Tuesday, March 4, 2014

The Rosie Project : What She Read Review

Amazing.


What a joy this little novel is, from start to finish.  Funny and smart and a welcome reprieve from my string of worthy but mighty bleak books of late.

It started as an award-winning screenplay by Graeme Simsion, who turned it into a book which earned him million-dollar bids from U.S. and British publishers after hitting the bestseller lists in Australia.  The Rosie Project is now an international bestseller and a movie-in-the-making. Incredible.

It's a light romantic romp led by narrator-protagonist Don Tillman, whose brilliance as a genetics professor doesn't quite sync up with his (lack of) interpersonal skills.  Readers will quickly infer that Don's internal monologue and external actions point toward some level of Asperger's, yet Don seems entirely unaware that he is "suffering from a syndrome".  And it's the tension between Don's infrequent moments of incisive self-awareness and his frequent misunderstanding of social situations that fuel plenty of the plot here.   Pepper Don's days with a cast of diverse - and often also eccentric - supporting characters then focus Don's considerable determination and gift for logical planning upon "The Wife Project" and you've got yourself a story that provokes grin after grin.

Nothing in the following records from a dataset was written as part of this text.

(* Let $d \geq 3$ and let $C \subset \mathbb{R}^d$ be a smooth $d$-dimensional combinatorial cube with faces labeled $F_I^J$ via a fixed face-poset isomorphism with $[0,1]^d$. Suppose that every smooth combinatorial cube of dimension smaller than $d$ has two parallel facets. Fix $x,y \in \{1,\dots,d\}$ with $x\neq y$, and suppose that the four $(d-2)$-dimensional faces $F_{xy}, F_{x\bar y}, F_{\bar x y}, F_{\bar x\bar y}$ are all parallel to one another. Then either $F_x$ and $F_{\bar x}$ are parallel, or $F_y$ and $F_{\bar y}$ are parallel.
   Context: A lattice polytope is the convex hull of finitely many points of $\mathbb{Z}^n$. An $n$-dimensional polytope is simple if each vertex lies in exactly $n$ edges; the primitive edge directions at a vertex are the smallest lattice vectors along its incident edges; an $n$-dimensional lattice polytope in $\mathbb{R}^n$ is smooth if it is simple and at every vertex the primitive edge directions form a basis of $\mathbb{Z}^n$. An $n$-dimensional combinatorial cube is a polytope whose face poset is isomorphic to that of $[0,1]^n$. For disjoint $I,J \subseteq \{1,\dots,d\}$ the face of $[0,1]^d$ given by $x_k=0$ for $k\in I$ and $x_k = 1$ for $k \in J$ is denoted $F_I^J$, and the corresponding face of $C$ is also denoted $F_I^J$. Elements of $J$ are written with a bar and elements of $I$ without, e.g. $F_{x\bar y} = F_{\{x\}}^{\{y\}}$, $F_{\bar x} = F_\emptyset^{\{x\}}$, $F_x = F_{\{x\}}^\emptyset$. Two faces $F,G$ are parallel if $\mathrm{lin}(F)=\mathrm{lin}(G)$, where $\mathrm{lin}(F)$ is the linear subspace parallel to the affine hull of $F$. *)

theory Defs
  imports "HOL-Analysis.Analysis"
begin

text \<open>A lower-dimensional space R^k is
modelled as the coordinate subspace indexed by a set K of coordinates with card K = k,
with lattice the integer points of that subspace.\<close>

definition integral_vec :: "real^'d \<Rightarrow> bool" where
  "integral_vec v \<longleftrightarrow> (\<forall>i. v $ i \<in> \<int>)"

definition coord_space :: "'d set \<Rightarrow> (real^'d) set" where
  "coord_space K = {v. \<forall>i. i \<notin> K \<longrightarrow> v $ i = 0}"

definition lattice_polytope :: "(real^'d) set \<Rightarrow> bool" where
  "lattice_polytope P \<longleftrightarrow>
     (\<exists>S. finite S \<and> (\<forall>v\<in>S. integral_vec v) \<and> P = convex hull S)"

definition edges_at :: "(real^'d) set \<Rightarrow> real^'d \<Rightarrow> (real^'d) set set" where
  "edges_at P v = {E. E face_of P \<and> aff_dim E = 1 \<and> v \<in> E}"

definition simple_polytope :: "nat \<Rightarrow> (real^'d) set \<Rightarrow> bool" where
  "simple_polytope n P \<longleftrightarrow> (\<forall>v. v extreme_point_of P \<longrightarrow> card (edges_at P v) = n)"

definition prim_edge_dirs :: "(real^'d) set \<Rightarrow> real^'d \<Rightarrow> (real^'d) set" where
  "prim_edge_dirs P v = {u. integral_vec u \<and> u \<noteq> 0 \<and>
      (\<exists>E\<in>edges_at P v. \<exists>t>0. v + t *\<^sub>R u \<in> E) \<and>
      (\<forall>t. 0 < t \<and> t < 1 \<longrightarrow> \<not> integral_vec (t *\<^sub>R u))}"

definition lattice_basis :: "'d set \<Rightarrow> (real^'d) set \<Rightarrow> bool" where
  "lattice_basis K B \<longleftrightarrow>
     B \<subseteq> coord_space K \<and> (\<forall>b\<in>B. integral_vec b) \<and> independent B \<and>
     (\<forall>z. integral_vec z \<and> z \<in> coord_space K \<longrightarrow>
        (\<exists>c. (\<forall>b\<in>B. c b \<in> \<int>) \<and> z = (\<Sum>b\<in>B. c b *\<^sub>R b)))"

definition smooth_polytope :: "'d set \<Rightarrow> (real^'d) set \<Rightarrow> bool" where
  "smooth_polytope K P \<longleftrightarrow>
     lattice_polytope P \<and> P \<subseteq> coord_space K \<and> aff_dim P = int (card K) \<and>
     simple_polytope (card K) P \<and>
     (\<forall>v. v extreme_point_of P \<longrightarrow> lattice_basis K (prim_edge_dirs P v))"

definition unit_cube :: "'d set \<Rightarrow> (real^'d) set" where
  "unit_cube K = {v. (\<forall>i\<in>K. 0 \<le> v $ i \<and> v $ i \<le> 1) \<and> (\<forall>i. i \<notin> K \<longrightarrow> v $ i = 0)}"

definition face_poset_iso ::
    "'d set \<Rightarrow> (real^'d) set \<Rightarrow> ((real^'d) set \<Rightarrow> (real^'d) set) \<Rightarrow> bool" where
  "face_poset_iso K P \<phi> \<longleftrightarrow>
     bij_betw \<phi> {F. F face_of P} {G. G face_of unit_cube K} \<and>
     (\<forall>F G. F face_of P \<and> G face_of P \<longrightarrow> (F \<subseteq> G \<longleftrightarrow> \<phi> F \<subseteq> \<phi> G))"

definition comb_cube :: "'d set \<Rightarrow> (real^'d) set \<Rightarrow> bool" where
  "comb_cube K P \<longleftrightarrow> (\<exists>\<phi>. face_poset_iso K P \<phi>)"

definition cube_face :: "'d set \<Rightarrow> 'd set \<Rightarrow> (real^'d) set" where
  "cube_face I J = {v \<in> unit_cube UNIV. (\<forall>k\<in>I. v $ k = 0) \<and> (\<forall>k\<in>J. v $ k = 1)}"

definition lab_face ::
    "(real^'d) set \<Rightarrow> ((real^'d) set \<Rightarrow> (real^'d) set) \<Rightarrow> 'd set \<Rightarrow> 'd set \<Rightarrow> (real^'d) set" where
  "lab_face P \<phi> I J = inv_into {F. F face_of P} \<phi> (cube_face I J)"

definition lin_space :: "(real^'d) set \<Rightarrow> (real^'d) set" where
  "lin_space F = span {u - w | u w. u \<in> F \<and> w \<in> F}"

definition parallel_faces :: "(real^'d) set \<Rightarrow> (real^'d) set \<Rightarrow> bool" where
  "parallel_faces F G \<longleftrightarrow> lin_space F = lin_space G"

end

theory Submission
  imports Defs
begin

text \<open>Let L be the common direction space of the four ridges F_{xy}, F_{x\bar y}, F_{\bar x\bar y},
  F_{\bar x y}.  At a vertex of each ridge, smoothness gives exactly two primitive edge directions
  leaving the ridge, one towards each neighbouring ridge, and modulo L they form a basis of the
  rank two lattice (Z^d + L) / L.  The direction from one ridge to the next is, modulo L, the
  negative of the direction coming back, so going around the four ridges produces lattice vectors
  p_0, ..., p_3 of the quotient plane with det (p_i, p_{i+1}) = +-1, and the facet normals show
  that these four determinants have the same sign.  Such a unimodular quadrilateral has
  p_2 = - p_0 or p_3 = - p_1.  Since modulo L the facets F_x, F_{\bar y}, F_{\bar x}, F_y are
  spanned by p_0, ..., p_3 respectively, two opposite facets are parallel.\<close>

section \<open>Unimodular quadrilaterals in the plane\<close>

lemma Ints_mult_eq_1_abs:
  fixes x y :: real
  assumes "x \<in> \<int>" "y \<in> \<int>" "x * y = 1"
  shows "\<bar>x\<bar> = 1"
proof -
  have "1 \<le> \<bar>x\<bar>" "1 \<le> \<bar>y\<bar>"
    using assms Ints_nonzero_abs_ge1 by force+
  have "\<bar>x\<bar> * 1 \<le> \<bar>x\<bar> * \<bar>y\<bar>"
    using \<open>1 \<le> \<bar>y\<bar>\<close> by (intro mult_left_mono) auto
  also have "\<dots> = 1"
    using assms(3) by (simp add: abs_mult[symmetric])
  finally show ?thesis
    using \<open>1 \<le> \<bar>x\<bar>\<close> by simp
qed

lemma det2_same_sign:
  fixes g1 g2 p1 p2 q1 q2 r1 r2 :: real
  assumes "g1*p1 + g2*p2 = 0" and "g1*q1 + g2*q2 > 0" and "g1*r1 + g2*r2 < 0"
    and "p1 \<noteq> 0 \<or> p2 \<noteq> 0"
  shows "(q1*p2 - q2*p1) * (p1*r2 - p2*r1) > 0"
proof -
  have "p1\<^sup>2 + p2\<^sup>2 > 0"
    using assms(4) by (simp add: sum_power2_gt_zero_iff)
  then have "(g1*q1 + g2*q2) * (g1*r1 + g2*r2) * (p1\<^sup>2 + p2\<^sup>2) < 0"
    using assms(2,3) by (simp add: mult_pos_neg mult_neg_pos)
  moreover have "(g1*q1 + g2*q2) * (g1*r1 + g2*r2) * (p1\<^sup>2 + p2\<^sup>2)
      = - ((g1\<^sup>2 + g2\<^sup>2) * ((q1*p2 - q2*p1) * (p1*r2 - p2*r1)))"
    using assms(1) by algebra
  ultimately have "0 < (g1\<^sup>2 + g2\<^sup>2) * ((q1*p2 - q2*p1) * (p1*r2 - p2*r1))"
    by linarith
  moreover have "0 \<le> g1\<^sup>2 + g2\<^sup>2"
    by simp
  ultimately show ?thesis
    by (metis zero_less_mult_iff not_less)
qed

lemma unimodular_cycle_opposite:
  fixes a0 b0 a1 b1 a2 b2 a3 b3 \<epsilon> :: real
  assumes "a0*b1 - b0*a1 = \<epsilon>" "a1*b2 - b1*a2 = \<epsilon>" "a2*b3 - b2*a3 = \<epsilon>" "a3*b0 - b3*a0 = \<epsilon>"
    and "\<bar>\<epsilon>\<bar> = 1"
  shows "a2 = -a0 \<and> b2 = -b0 \<or> a3 = -a1 \<and> b3 = -b1"
proof -
  define k where "k = a0*b2 - b0*a2"
  define m where "m = a1*b3 - b1*a3"
  have dets: "a0*b1 - b0*a1 - \<epsilon> = 0" "a1*b2 - b1*a2 - \<epsilon> = 0" "a2*b3 - b2*a3 - \<epsilon> = 0"
    "a3*b0 - b3*a0 - \<epsilon> = 0"
    using assms(1-4) by simp_all
  have "\<epsilon>*(a0 + a2) = k*a1" "\<epsilon>*(b0 + b2) = k*b1" "\<epsilon>*(a1 + a3) = m*a2" "\<epsilon>*(b1 + b3) = m*b2"
    using dets unfolding k_def m_def by algebra+
  moreover have "k*m = 0"
    using dets unfolding k_def m_def by algebra
  moreover have "\<epsilon> \<noteq> 0"
    using assms(5) by auto
  ultimately show ?thesis
    by (metis add_eq_0_iff mult_eq_0_iff)
qed

section \<open>Lattice bases modulo a subspace\<close>

text \<open>The images of e and f form a basis of the lattice (Z^d + L) / L.\<close>

definition lattice_basis_mod :: "(real^'d) set \<Rightarrow> real^'d \<Rightarrow> real^'d \<Rightarrow> bool" where
  "lattice_basis_mod L e f \<longleftrightarrow> integral_vec e \<and> integral_vec f \<and>
     (\<forall>a b. a *\<^sub>R e + b *\<^sub>R f \<in> L \<longrightarrow> a = 0 \<and> b = 0) \<and>
     (\<forall>z. integral_vec z \<longrightarrow> (\<exists>a\<in>\<int>. \<exists>b\<in>\<int>. z - a *\<^sub>R e - b *\<^sub>R f \<in> L))"

lemma lattice_basis_mod_coords_unique:
  assumes L: "subspace L" and "lattice_basis_mod L e f"
    and "z - a *\<^sub>R e - b *\<^sub>R f \<in> L" "z - a' *\<^sub>R e - b' *\<^sub>R f \<in> L"
  shows "a = a' \<and> b = b'"
proof -
  have "(a' - a) *\<^sub>R e + (b' - b) *\<^sub>R f = (z - a *\<^sub>R e - b *\<^sub>R f) - (z - a' *\<^sub>R e - b' *\<^sub>R f)"
    by (simp add: algebra_simps)
  also have "\<dots> \<in> L"
    using L assms(3,4) by (rule subspace_diff)
  finally have "a' - a = 0 \<and> b' - b = 0"
    using assms(2) unfolding lattice_basis_mod_def by blast
  then show ?thesis
    by simp
qed

lemma subspace_coords_subst:
  assumes L: "subspace L" and "z - c1 *\<^sub>R u - c2 *\<^sub>R w \<in> L"
    and "u - p1 *\<^sub>R e - p2 *\<^sub>R f \<in> L" "w - q1 *\<^sub>R e - q2 *\<^sub>R f \<in> L"
  shows "z - (c1*p1 + c2*q1) *\<^sub>R e - (c1*p2 + c2*q2) *\<^sub>R f \<in> L"
proof -
  have "z - (c1*p1 + c2*q1) *\<^sub>R e - (c1*p2 + c2*q2) *\<^sub>R f
      = (z - c1 *\<^sub>R u - c2 *\<^sub>R w) + c1 *\<^sub>R (u - p1 *\<^sub>R e - p2 *\<^sub>R f) + c2 *\<^sub>R (w - q1 *\<^sub>R e - q2 *\<^sub>R f)"
    by (simp add: algebra_simps)
  also have "\<dots> \<in> L"
    using assms by (intro subspace_add subspace_scale)
  finally show ?thesis .
qed

lemma lattice_basis_mod_span:
  fixes L :: "(real^'d) set"
  assumes L: "subspace L" and "lattice_basis_mod L e f"
  obtains a b where "w - a *\<^sub>R e - b *\<^sub>R f \<in> L"
proof -
  let ?S = "{w. \<exists>a b. w - a *\<^sub>R e - b *\<^sub>R f \<in> L}"
  have "subspace ?S"
  proof (unfold subspace_def, intro conjI ballI allI)
    show "0 \<in> ?S"
      using L by (auto intro!: exI[of _ 0] simp: subspace_0)
  next
    fix x y assume "x \<in> ?S" "y \<in> ?S"
    then obtain a b a' b' where xy: "x - a *\<^sub>R e - b *\<^sub>R f \<in> L" "y - a' *\<^sub>R e - b' *\<^sub>R f \<in> L"
      by blast
    have "x + y - (a + a') *\<^sub>R e - (b + b') *\<^sub>R f
        = (x - a *\<^sub>R e - b *\<^sub>R f) + (y - a' *\<^sub>R e - b' *\<^sub>R f)"
      by (simp add: algebra_simps)
    with subspace_add[OF L xy] show "x + y \<in> ?S"
      by (metis (mono_tags, lifting) mem_Collect_eq)
  next
    fix c x assume "x \<in> ?S"
    then obtain a b where x: "x - a *\<^sub>R e - b *\<^sub>R f \<in> L"
      by blast
    have "c *\<^sub>R x - (c * a) *\<^sub>R e - (c * b) *\<^sub>R f = c *\<^sub>R (x - a *\<^sub>R e - b *\<^sub>R f)"
      by (simp add: algebra_simps)
    with subspace_scale[OF L x] show "c *\<^sub>R x \<in> ?S"
      by (metis (mono_tags, lifting) mem_Collect_eq)
  qed
  moreover have "Basis \<subseteq> ?S"
  proof
    fix x :: "real^'d" assume "x \<in> Basis"
    then have "integral_vec x"
      by (auto simp: Basis_vec_def integral_vec_def axis_def)
    then show "x \<in> ?S"
      using assms(2) unfolding lattice_basis_mod_def by blast
  qed
  ultimately have "span Basis \<subseteq> ?S"
    by (rule span_minimal[rotated])
  then show ?thesis
    using that by auto
qed

lemma lattice_basis_mod_det:
  assumes L: "subspace L" and ef: "lattice_basis_mod L e f" and uw: "lattice_basis_mod L u w"
    and u: "u - p1 *\<^sub>R e - p2 *\<^sub>R f \<in> L" and w: "w - q1 *\<^sub>R e - q2 *\<^sub>R f \<in> L"
    and ints: "p1 \<in> \<int>" "p2 \<in> \<int>" "q1 \<in> \<int>" "q2 \<in> \<int>"
  shows "\<bar>p1*q2 - p2*q1\<bar> = 1"
proof -
  have triv: "e - 1 *\<^sub>R e - 0 *\<^sub>R f \<in> L" "f - 0 *\<^sub>R e - 1 *\<^sub>R f \<in> L"
    using L by (simp_all add: subspace_0)
  obtain c1 c2 where c: "c1 \<in> \<int>" "c2 \<in> \<int>" "e - c1 *\<^sub>R u - c2 *\<^sub>R w \<in> L"
    using uw ef unfolding lattice_basis_mod_def by blast
  obtain d1 d2 where d: "d1 \<in> \<int>" "d2 \<in> \<int>" "f - d1 *\<^sub>R u - d2 *\<^sub>R w \<in> L"
    using uw ef unfolding lattice_basis_mod_def by blast
  have "c1*p1 + c2*q1 = 1" "c1*p2 + c2*q2 = 0"
    using lattice_basis_mod_coords_unique[OF L ef subspace_coords_subst[OF L c(3) u w] triv(1)]
    by simp_all
  moreover have "d1*p1 + d2*q1 = 0" "d1*p2 + d2*q2 = 1"
    using lattice_basis_mod_coords_unique[OF L ef subspace_coords_subst[OF L d(3) u w] triv(2)]
    by simp_all
  ultimately have "(p1*q2 - p2*q1) * (c1*d2 - c2*d1) = 1"
    by algebra
  moreover have "p1*q2 - p2*q1 \<in> \<int>" "c1*d2 - c2*d1 \<in> \<int>"
    using ints c d by (intro Ints_diff Ints_mult; simp)+
  ultimately show ?thesis
    using Ints_mult_eq_1_abs by blast
qed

To enjoy this novel fully, you must accept the rom-com structure, knowing that - however unlikely - all will work out well in the end and you must feel comfortable with the idea that each human being is a specific person, not simply a "syndrome".  Simsion made a wise choice in voicing this novel from Don's perspective, as it helps us readers to laugh with rather than at the protagonist.  If you can do that, you will find much to enjoy about The Rosie Project.

Don's voice, his perspective, and his journey kept me swiftly turning the pages through the first third of this novel and then rationing chapters when the beautifully voiced audiobook from the library arrived:  I simply wanted to savor the lightness of this novel during these darker days.  And I hereby encourage you to do the same.

MFB with a smile on my face,
L

p.s.  I should confess that Extremely Loud and Incredibly Close by Jonathan Safran Foer and The Curious Incident of the Dog in the Night-Time by Mark Haddon are two of my all-time favorite tandem (print alternating with audiobook) "reads" of all time, so perhaps I have a particular fascination with listening in on the lives of brilliant, decent, yet socially atypical protagonists.

1 comment:

Anonymous said...

I loved this book! Great review. Like you I'm drawn to books with these types of protagonists. I haven't read Extremely Loud but I probably should.